## Problem description
For the entries below, the result should be an exact transcription of the lines from the one with "(THE r. \<exists>ns." up to and including the one with "- h) = smul", and only those.

## Given entries
(* Let $G$ be a finite abelian group with $|G|\ge3$. Then (1) $[1,\mathsf{r}(G)-1]\subset\Delta^{\ast}(G)$; (2) $d-2\in\Delta^{\ast}(G)$ for every $d\ge3$ with $d\mid\exp(G)$; (3) $|n-r-1|\in\Delta^{\ast}(C_n^r)$ for all $n\ge2$, $r\ge1$ with $n\ne r+1$. In particular, $\max\Delta^{\ast}(G)\ge\max\{\mathsf{r}(G)-1,\exp(G)-2\}$.
   Context: For a subset $G_0$ of an abelian group, $\mathcal{B}(G_0)$ is the monoid of zero-sum sequences over $G_0$, with atoms the minimal zero-sum sequences; $\mathsf{L}(B)$ is the set of lengths of factorizations of $B$ into atoms. For $A\subset\mathbb{Z}$, $\Delta(A)$ is the set of $d\in\mathbb{N}$ such that some $l\in A$ has $A\cap[l,l+d]=\{l,l+d\}$, and $\Delta(G_0)=\bigcup_{B\in\mathcal{B}(G_0)}\Delta(\mathsf{L}(B))$. Then $\Delta^{\ast}(G)=\{\min\Delta(G_0): G_0\subset G,\ \Delta(G_0)\ne\emptyset\}$. If $G\cong C_{n_1}\oplus\cdots\oplus C_{n_r}$ with $1<n_1\mid\cdots\mid n_r$, then $\mathsf{r}(G)=r$ and $\exp(G)=n_r$. *)

theory Defs
  imports Main "HOL-Library.Multiset"
begin

text \<open>The finite abelian group G is the universe of a type of class
  ab_group_add and finite.  Sequences over G are finite multisets.\<close>

definition zss :: "'a::ab_group_add set \<Rightarrow> 'a multiset set" where
  "zss G0 = {B. set_mset B \<subseteq> G0 \<and> sum_mset B = 0}"

definition is_atom :: "'a::ab_group_add set \<Rightarrow> 'a multiset \<Rightarrow> bool" where
  "is_atom G0 A \<longleftrightarrow> A \<in> zss G0 \<and> A \<noteq> {#} \<and>
     (\<forall>C. C \<subseteq># A \<longrightarrow> C \<noteq> {#} \<longrightarrow> sum_mset C = 0 \<longrightarrow> C = A)"

definition lengths :: "'a::ab_group_add set \<Rightarrow> 'a multiset \<Rightarrow> nat set" where
  "lengths G0 B = {size F | F. (\<forall>A\<in>#F. is_atom G0 A) \<and> sum_mset F = B}"

definition delta_set :: "nat set \<Rightarrow> nat set" where
  "delta_set L = {d. 0 < d \<and> (\<exists>l\<in>L. L \<inter> {l..l+d} = {l, l+d})}"

definition Delta :: "'a::ab_group_add set \<Rightarrow> nat set" where
  "Delta G0 = (\<Union>B\<in>zss G0. delta_set (lengths G0 B))"

definition delta_star :: "'a::ab_group_add itself \<Rightarrow> nat set" where
  "delta_star (_::'a itself) = {Inf (Delta G0) | G0::'a set. Delta G0 \<noteq> {}}"

text \<open>The group C_{n_1} + ... + C_{n_r}, modelled on lists xs with xs!i < ns!i,
  with componentwise addition modulo ns!i.\<close>
definition cyc_carrier :: "nat list \<Rightarrow> nat list set" where
  "cyc_carrier ns = {xs. length xs = length ns \<and> (\<forall>i<length ns. xs ! i < ns ! i)}"

definition cyc_add :: "nat list \<Rightarrow> nat list \<Rightarrow> nat list \<Rightarrow> nat list" where
  "cyc_add ns xs ys = map (\<lambda>i. (xs ! i + ys ! i) mod (ns ! i)) [0..<length ns]"

definition is_inv_decomp :: "'a::ab_group_add itself \<Rightarrow> nat list \<Rightarrow> bool" where
  "is_inv_decomp (_::'a itself) ns \<longleftrightarrow>
     (\<forall>i<length ns. 1 < ns ! i) \<and>
     (\<forall>i. Suc i < length ns \<longrightarrow> ns ! i dvd ns ! Suc i) \<and>
     (\<exists>f::'a \<Rightarrow> nat list. bij_betw f UNIV (cyc_carrier ns) \<and>
        (\<forall>a b. f (a + b) = cyc_add ns (f a) (f b)))"

definition group_rank :: "'a::ab_group_add itself \<Rightarrow> nat" where
  "group_rank T = (THE r. \<exists>ns. is_inv_decomp T ns \<and> length ns = r)"

definition group_exp :: "'a::ab_group_add itself \<Rightarrow> nat" where
  "group_exp (_::'a itself) = (LEAST m. 0 < m \<and> (\<forall>g::'a. (\<Sum>_<m. g) = 0))"

end

theory Submission
  imports Defs "HOL-Computational_Algebra.Primes"
begin

text \<open>
  Let v_1, ..., v_k be independent elements of order n and e = -(v_1 + ... + v_k). Over
  G_0 = {e, v_1, ..., v_k} the atoms are e^n, v_i^n and e v_1 ... v_k. An atom's length
  plus n - k - 1 times its multiplicity of e is n modulo n (n - k - 1), so any two
  factorization lengths of a zero-sum sequence are congruent modulo |n - k - 1|, while
  (e v_1 ... v_k)^n = e^n v_1^n ... v_k^n has the lengths n and k + 1. Hence
  min Delta(G_0) = |n - k - 1|. For e = v_1 + ... + v_k the remaining atoms are
  e^j v_1^(n-j) ... v_k^(n-j), and the same weighting gives min Delta(G_0) = k - 1.

  Such families live inside a basis b_1, ..., b_r of G with orders n_1 | ... | n_r: the
  multiples (n_i / n_1) b_i have order n_1 and give every value in [1, r - 1], and a
  multiple of b_r of order d | exp(G) gives d - 2. The basis is built by splitting off
  cyclic subgroups of maximal order; counting p-torsion shows that its length is the rank.
\<close>

section \<open>Natural multiples and additive order\<close>

primrec smul :: "nat \<Rightarrow> 'a::ab_group_add \<Rightarrow> 'a" where
  "smul 0 g = 0"
| "smul (Suc n) g = g + smul n g"

lemma smul_add_left: "smul (a + b) g = smul a g + smul b g"
  by (induction a) (simp_all add: add.assoc)

lemma smul_mult: "smul (a * b) g = smul a (smul b g)"
  by (induction a) (simp_all add: smul_add_left)

lemma smul_commute: "smul a (smul b g) = smul b (smul a g)"
  by (metis smul_mult mult.commute)

lemma smul_add_right: "smul a (g + h) = smul a g + smul a h"
  by (induction a) (simp_all add: algebra_simps)

lemma smul_minus_right: "smul a (- g) = - smul a g"
  by (induction a) (simp_all add: algebra_simps)

lemma smul_diff_right: "smul a (g - h) = smul a g - smul a h"
  by (metis diff_conv_add_uminus smul_add_right smul_minus_right)

lemma smul_zero_right [simp]: "smul a 0 = 0"
  by (induction a) simp_all

lemma smul_sum_right: "smul a (\<Sum>i\<in>I. f i) = (\<Sum>i\<in>I. smul a (f i))"
  by (induction I rule: infinite_finite_induct) (simp_all add: smul_add_right)

lemma sum_const_lessThan_eq_smul: "(\<Sum>_<m. g) = smul m g"
  by (induction m) (simp_all add: add.commute)

lemma sum_mset_replicate_mset_eq_smul: "sum_mset (replicate_mset n g) = smul n g"
  by (induction n) simp_all

lemma smul_mod:
  assumes "smul m g = 0"
  shows "smul (a mod m) g = smul a g"
proof -
  have "smul a g = smul (a div m * m) g + smul (a mod m) g"
    by (simp flip: smul_add_left)
  also have "smul (a div m * m) g = 0"
    by (simp add: smul_mult assms)
  finally show ?thesis by simp
qed

lemma smul_eq_smul_iff_mod:
  assumes "\<And>t. smul t g = 0 \<longleftrightarrow> n dvd t"
  shows "smul a g = smul c g \<longleftrightarrow> a mod n = c mod n"
proof -
  have *: "smul a g = smul c g \<longleftrightarrow> a mod n = c mod n" if "a \<le> c" for a c
  proof -
    have "smul c g = smul a g + smul (c - a) g"
      using that by (simp flip: smul_add_left)
    then have "smul a g = smul c g \<longleftrightarrow> smul (c - a) g = 0"
      by simp
    also have "\<dots> \<longleftrightarrow> n dvd c - a"
      by (rule assms)
    also have "\<dots> \<longleftrightarrow> a mod n = c mod n"
      using mod_eq_dvd_iff_nat[OF that, of n] by auto
    finally show ?thesis .
  qed
  show ?thesis
  proof (cases "a \<le> c")
    case False
    then show ?thesis using *[of c a] by auto
  qed (rule *)
qed

definition add_ord :: "'a::ab_group_add \<Rightarrow> nat" where
  "add_ord g = (LEAST t. 0 < t \<and> smul t g = 0)"

lemma ex_smul_eq_zero:
  fixes g :: "'a::{ab_group_add,finite}"
  shows "\<exists>t>0. smul t g = 0"
proof -
  have "\<not> inj (\<lambda>t. smul t g)"
  proof
    assume "inj (\<lambda>t. smul t g)"
    then have "infinite (range (\<lambda>t. smul t g))"
      using finite_imageD infinite_UNIV_nat by blast
    then show False by simp
  qed
  then obtain i j where "i \<noteq> j" "smul i g = smul j g"
    unfolding inj_def by blast
  then obtain i j where "i < j" "smul i g = smul j g"
    by (cases "i < j") (auto simp: neq_iff)
  moreover have "smul j g = smul i g + smul (j - i) g"
    using \<open>i < j\<close> by (simp flip: smul_add_left)
  ultimately show ?thesis
    by (intro exI[of _ "j - i"]) simp
qed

## Result below
  "group_rank T = (THE r. \<exists>ns. is_inv_decomp T ns \<and> length ns = r)"

definition group_exp :: "'a::ab_group_add itself \<Rightarrow> nat" where
  "group_exp (_::'a itself) = (LEAST m. 0 < m \<and> (\<forall>g::'a. (\<Sum>_<m. g) = 0))"

end

theory Submission
  imports Defs "HOL-Computational_Algebra.Primes"
begin

text \<open>
  Let v_1, ..., v_k be independent elements of order n and e = -(v_1 + ... + v_k). Over
  G_0 = {e, v_1, ..., v_k} the atoms are e^n, v_i^n and e v_1 ... v_k. An atom's length
  plus n - k - 1 times its multiplicity of e is n modulo n (n - k - 1), so any two
  factorization lengths of a zero-sum sequence are congruent modulo |n - k - 1|, while
  (e v_1 ... v_k)^n = e^n v_1^n ... v_k^n has the lengths n and k + 1. Hence
  min Delta(G_0) = |n - k - 1|. For e = v_1 + ... + v_k the remaining atoms are
  e^j v_1^(n-j) ... v_k^(n-j), and the same weighting gives min Delta(G_0) = k - 1.

  Such families live inside a basis b_1, ..., b_r of G with orders n_1 | ... | n_r: the
  multiples (n_i / n_1) b_i have order n_1 and give every value in [1, r - 1], and a
  multiple of b_r of order d | exp(G) gives d - 2. The basis is built by splitting off
  cyclic subgroups of maximal order; counting p-torsion shows that its length is the rank.
\<close>

section \<open>Natural multiples and additive order\<close>

primrec smul :: "nat \<Rightarrow> 'a::ab_group_add \<Rightarrow> 'a" where
  "smul 0 g = 0"
| "smul (Suc n) g = g + smul n g"

lemma smul_add_left: "smul (a + b) g = smul a g + smul b g"
  by (induction a) (simp_all add: add.assoc)

lemma smul_mult: "smul (a * b) g = smul a (smul b g)"
  by (induction a) (simp_all add: smul_add_left)

lemma smul_commute: "smul a (smul b g) = smul b (smul a g)"
  by (metis smul_mult mult.commute)

lemma smul_add_right: "smul a (g + h) = smul a g + smul a h"
  by (induction a) (simp_all add: algebra_simps)

lemma smul_minus_right: "smul a (- g) = - smul a g"
  by (induction a) (simp_all add: algebra_simps)

lemma smul_diff_right: "smul a (g - h) = smul a g - smul a h"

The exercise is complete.